Despite possible anxieties of offering screening for a sexually transmitted infection during a distressing time, the majority of women accepted chlamydial screening, particularly by non-invasive approaches. For those who felt unable to cope with the initial offer of screening, it could be re-offered at a less emotive time or prophylactic antibiotic cover considered, particularly if surgery was contemplated.
The availability of nucleic acid amplification tests is now widespread, but their weaknesses are perhaps not recognised. This study revealed two potential problems with screening a miscarriage population by non-invasive means. Firstly, first-void urine compared poorly with both the endocervical and vulval specimens in terms of test performance. There is evidence that urine has the lowest bacterial load compared with endocervical and vulval specimens,6 and actions such as wearing sanitary protection, sampling midstream or recent urination and wiping would adversely affect bacterial load. Blood contamination did not appear to cause inhibition, but may have resulted in false negative reports, uncovered by the parallel study design. Exact conclusions, however, cannot be made, as the study was not powered to address this issue. Secondly, non-invasive samples accounted for all of the indeterminate specimens. Re-testing is both inconvenient for women and creates a significant amount of extra workload for both ward and laboratory staff.
Regarding acceptability, negative comments surrounded endocervical sampling suggest that Chlamydia screening in an early pregnancy assessment unit would have to have a non-invasive option for women not undergoing a speculum examination for clinical reasons. The overall preferred sample method was first-void urine, but the self-collected vulval swab identified 50% more infections than urine, with no specific concerns reported regarding this approach. A randomised comparison to urine would assess acceptability more accurately, but the issues of test performance and inhibition of non-invasive specimens need addressing first.

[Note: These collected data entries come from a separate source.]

(* Let $P=\{x\in\mathbb{R}^n:\tilde A x+\tilde b\ge 0\}$ be a polyhedron (with $\tilde A\in\mathbb{R}^{p\times n}$, $\tilde b\in\mathbb{R}^p$) having at least two non-parallel linear boundaries, i.e. its boundary contains facets lying in two non-parallel hyperplanes. Then the indicator function $\mathbb{1}_P$ cannot be expressed on $\mathbb{R}^n$ by any discrete-time LIF-SNN with a single time step ($T=1$) and only one hidden (spike) layer ($L=1$), neither with spike output nor with membrane potential output.
   Context: With $T=1$, $L=1$, direct encoding and input $x\in\mathbb{R}^n$, a discrete-time LIF-SNN computes the spike vector $s^1=H(Wx+b')$ for some $W\in\mathbb{R}^{m\times n}$, $b'\in\mathbb{R}^m$ (the bias absorbing the initial potential and threshold terms), where $H$ is the entrywise Heaviside function ($H(z)=1$ iff $z\ge 0$). With spike output (which requires $m=1$) the realization is $x\mapsto H(\langle w,x\rangle+b')$; with membrane potential output the realization is $x\mapsto w_0+\sum_{i=1}^m v_i H(\langle w_i,x\rangle+b'_i)$ for arbitrary $w_0,v_1,\dots,v_m\in\mathbb{R}$. The indicator function $\mathbb{1}_P$ equals $1$ on $P$ and $0$ on $\mathbb{R}^n\setminus P$. *)

theory Defs
  imports "HOL-Analysis.Analysis"
begin

definition heaviside :: "real \<Rightarrow> real" where
  "heaviside z = (if z \<ge> 0 then 1 else 0)"

definition polyhedron_of :: "real^'n^'p \<Rightarrow> real^'p \<Rightarrow> (real^'n) set" where
  "polyhedron_of A b = {x. \<forall>i. (A *v x + b) $ i \<ge> 0}"

definition has_two_nonparallel_boundaries :: "(real^'n) set \<Rightarrow> bool" where
  "has_two_nonparallel_boundaries P \<longleftrightarrow>
     (\<exists>F1 F2 a1 c1 a2 c2.
        F1 facet_of P \<and> F2 facet_of P \<and> F1 \<subseteq> frontier P \<and> F2 \<subseteq> frontier P \<and>
        a1 \<noteq> 0 \<and> a2 \<noteq> 0 \<and>
        affine hull F1 = {x. a1 \<bullet> x = c1} \<and> affine hull F2 = {x. a2 \<bullet> x = c2} \<and>
        \<not> (\<exists>k. a2 = k *\<^sub>R a1))"

text \<open>Realization of a LIF-SNN with T = 1, L = 1, direct encoding, spike output
  (one output spike neuron): x |-> H(<w,x> + b').\<close>
definition snn_T1L1_spike_realizable :: "(real^'n \<Rightarrow> real) \<Rightarrow> bool" where
  "snn_T1L1_spike_realizable f \<longleftrightarrow>
     (\<exists>w b'. \<forall>x. f x = heaviside (w \<bullet> x + b'))"

text \<open>Realization with membrane potential output:
  x |-> w0 + sum_{i<m} v_i H(<w_i,x> + b'_i), hidden width m arbitrary.\<close>
definition snn_T1L1_membrane_realizable :: "(real^'n \<Rightarrow> real) \<Rightarrow> bool" where
  "snn_T1L1_membrane_realizable f \<longleftrightarrow>
     (\<exists>(m::nat) (W::nat \<Rightarrow> real^'n) (b'::nat \<Rightarrow> real) (w0::real) (v::nat \<Rightarrow> real).
        \<forall>x. f x = w0 + (\<Sum>i<m. v i * heaviside (W i \<bullet> x + b' i)))"

end

theory Submission
  imports Defs
begin

(* A membrane-potential realisation f = w0 + sum_i v_i H(<w_i,x> + b_i) can only jump across the
   hyperplanes <w_i,x> = -b_i, so along any line L its jump in a direction a,
   lim_{eps -> 0+} f(x + eps a) - f(x - eps a), takes one and the same value at all but finitely
   many points x of L.  For the indicator of P take L inside the hyperplane of one facet, with
   normal a.  Near a relative interior point of the facet, P is locally a half-space bounded by that
   hyperplane, so the jump is +-1.  The second, non-parallel facet prevents the hyperplane from lying
   inside P, so L leaves P; beyond its exit point both sides lie outside the closed convex set P and
   the jump is 0.  Spike output is the special case of a single hidden neuron. *)

definition central_difference :: "('a::real_vector \<Rightarrow> real) \<Rightarrow> 'a \<Rightarrow> 'a \<Rightarrow> real \<Rightarrow> real" where
  "central_difference f x a \<epsilon> = f (x + \<epsilon> *\<^sub>R a) - f (x - \<epsilon> *\<^sub>R a)"

lemma eventually_at_within_if_eventually_cofinite:
  fixes x :: "'a::t1_space"
  assumes "eventually P cofinite"
  shows "eventually P (at x within S)"
proof -
  have "\<not> x islimpt {y. \<not> P y}"
    using assms by (simp add: eventually_cofinite islimpt_finite)
  then have "eventually P (at x)"
    by (simp add: islimpt_iff_eventually)
  then show ?thesis
    by (metis at_le filter_leD subset_UNIV)
qed

lemma eventually_heaviside_central_difference:
  fixes g t :: real
  shows "\<forall>\<^sub>F \<epsilon> in at_right 0. heaviside (g + \<epsilon> * t) - heaviside (g - \<epsilon> * t) =
           (if g = 0 then heaviside t - heaviside (- t) else 0)"
proof (cases "g = 0")
  case True
  have "heaviside (\<epsilon> * t) = heaviside t" "heaviside (- (\<epsilon> * t)) = heaviside (- t)" if "\<epsilon> > 0" for \<epsilon>
    using that by (auto simp: heaviside_def zero_le_mult_iff mult_le_0_iff)
  then show ?thesis
    using True eventually_at_right_less[of 0] by (auto elim!: eventually_mono)
next
  case False
  have "((\<lambda>\<epsilon>. \<epsilon> * \<bar>t\<bar>) \<longlongrightarrow> 0) (at_right 0)"
    by (auto intro!: tendsto_eq_intros)
  then have "\<forall>\<^sub>F \<epsilon> in at_right 0. \<epsilon> * \<bar>t\<bar> < \<bar>g\<bar>"
    using False by (intro order_tendstoD(2)) auto
  then have "\<forall>\<^sub>F \<epsilon> in at_right 0. \<epsilon> > 0 \<and> \<epsilon> * \<bar>t\<bar> < \<bar>g\<bar>"
    using eventually_at_right_less[of 0] by eventually_elim auto
  then show ?thesis
  proof eventually_elim
    case (elim \<epsilon>)
    then have "\<bar>\<epsilon> * t\<bar> < \<bar>g\<bar>"
      by (simp add: abs_mult)
    then show ?case
      using False by (auto simp: heaviside_def)
  qed
qed

lemma eventually_heaviside_central_difference_on_line:
  fixes w y d a :: "'a::real_inner"
  shows "\<forall>\<^sub>F s in cofinite. \<forall>\<^sub>F \<epsilon> in at_right 0.
           central_difference (\<lambda>x. heaviside (w \<bullet> x + \<beta>)) (y + s *\<^sub>R d) a \<epsilon> =
           (if w \<bullet> d = 0 \<and> w \<bullet> y + \<beta> = 0 then heaviside (w \<bullet> a) - heaviside (- (w \<bullet> a)) else 0)"
proof -
  have "finite {s. w \<bullet> y + \<beta> + s * (w \<bullet> d) = 0 \<and> \<not> (w \<bullet> d = 0 \<and> w \<bullet> y + \<beta> = 0)}"
  proof (cases "w \<bullet> d = 0")
    case False
    then have "{s. w \<bullet> y + \<beta> + s * (w \<bullet> d) = 0 \<and> \<not> (w \<bullet> d = 0 \<and> w \<bullet> y + \<beta> = 0)} \<subseteq>
                 {- (w \<bullet> y + \<beta>) / (w \<bullet> d)}"
      by (auto simp: field_simps)
    then show ?thesis
      using finite_subset by blast
  qed simp
  then have "\<forall>\<^sub>F s in cofinite. w \<bullet> y + \<beta> + s * (w \<bullet> d) = 0 \<longrightarrow> w \<bullet> d = 0 \<and> w \<bullet> y + \<beta> = 0"
    unfolding eventually_cofinite by (simp only: not_imp)
  then show ?thesis
  proof (rule eventually_mono)
    fix s
    assume "w \<bullet> y + \<beta> + s * (w \<bullet> d) = 0 \<longrightarrow> w \<bullet> d = 0 \<and> w \<bullet> y + \<beta> = 0"
    then show "\<forall>\<^sub>F \<epsilon> in at_right 0. central_difference (\<lambda>x. heaviside (w \<bullet> x + \<beta>)) (y + s *\<^sub>R d) a \<epsilon> =
           (if w \<bullet> d = 0 \<and> w \<bullet> y + \<beta> = 0 then heaviside (w \<bullet> a) - heaviside (- (w \<bullet> a)) else 0)"
      using eventually_heaviside_central_difference[of "w \<bullet> y + \<beta> + s * (w \<bullet> d)" "w \<bullet> a"]
      by (auto simp: central_difference_def algebra_simps
               elim!: eventually_mono)
  qed
qed

lemma membrane_realizable_central_difference_const:
  fixes f :: "real^'n \<Rightarrow> real"
  assumes "snn_T1L1_membrane_realizable f"
  shows "\<exists>C. \<forall>\<^sub>F s in cofinite. \<forall>\<^sub>F \<epsilon> in at_right 0. central_difference f (y + s *\<^sub>R d) a \<epsilon> = C"
proof -
  obtain m :: nat and W \<beta> w0 v where f: "f = (\<lambda>x. w0 + (\<Sum>i<m. v i * heaviside (W i \<bullet> x + \<beta> i)))"
    using assms unfolding snn_T1L1_membrane_realizable_def fun_eq_iff[symmetric] by blast
  have f_diff: "central_difference f x a \<epsilon> =
      (\<Sum>i<m. v i * central_difference (\<lambda>x. heaviside (W i \<bullet> x + \<beta> i)) x a \<epsilon>)" for x \<epsilon>
    by (simp add: f central_difference_def sum_subtractf right_diff_distrib)
  define jump where "jump i = (if W i \<bullet> d = 0 \<and> W i \<bullet> y + \<beta> i = 0
    then heaviside (W i \<bullet> a) - heaviside (- (W i \<bullet> a)) else 0)" for i
  have "\<forall>\<^sub>F s in cofinite. \<forall>i\<in>{..<m}. \<forall>\<^sub>F \<epsilon> in at_right 0.
          central_difference (\<lambda>x. heaviside (W i \<bullet> x + \<beta> i)) (y + s *\<^sub>R d) a \<epsilon> = jump i"
    unfolding jump_def
    by (intro eventually_ball_finite ballI eventually_heaviside_central_difference_on_line) auto
  then have "\<forall>\<^sub>F s in cofinite. \<forall>\<^sub>F \<epsilon> in at_right 0.
          central_difference f (y + s *\<^sub>R d) a \<epsilon> = (\<Sum>i<m. v i * jump i)"
  proof (rule eventually_mono)
    fix s
    assume "\<forall>i\<in>{..<m}. \<forall>\<^sub>F \<epsilon> in at_right 0.
          central_difference (\<lambda>x. heaviside (W i \<bullet> x + \<beta> i)) (y + s *\<^sub>R d) a \<epsilon> = jump i"
    then have "\<forall>\<^sub>F \<epsilon> in at_right 0. \<forall>i\<in>{..<m}.
          central_difference (\<lambda>x. heaviside (W i \<bullet> x + \<beta> i)) (y + s *\<^sub>R d) a \<epsilon> = jump i"
      by (intro eventually_ball_finite) auto
    then show "\<forall>\<^sub>F \<epsilon> in at_right 0. central_difference f (y + s *\<^sub>R d) a \<epsilon> = (\<Sum>i<m. v i * jump i)"
      by (rule eventually_mono) (simp add: f_diff)
  qed
  then show ?thesis
    by blast
qed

The majority of women attending an early pregnancy assessment unit accepted C. trachomatis screening. Moderate rates of infection were identified, with all positive cases found in women younger than 30 years of age. Parallel screening exposed the potential of reduced test performance with urine. Non-invasive sampling approaches were more acceptable, but were more likely to be inhibitory to the assay and require repeat testing. Both acceptability and the effect of bleeding on test performance need further assessment before a particular specimen can be recommended for screening this population of women.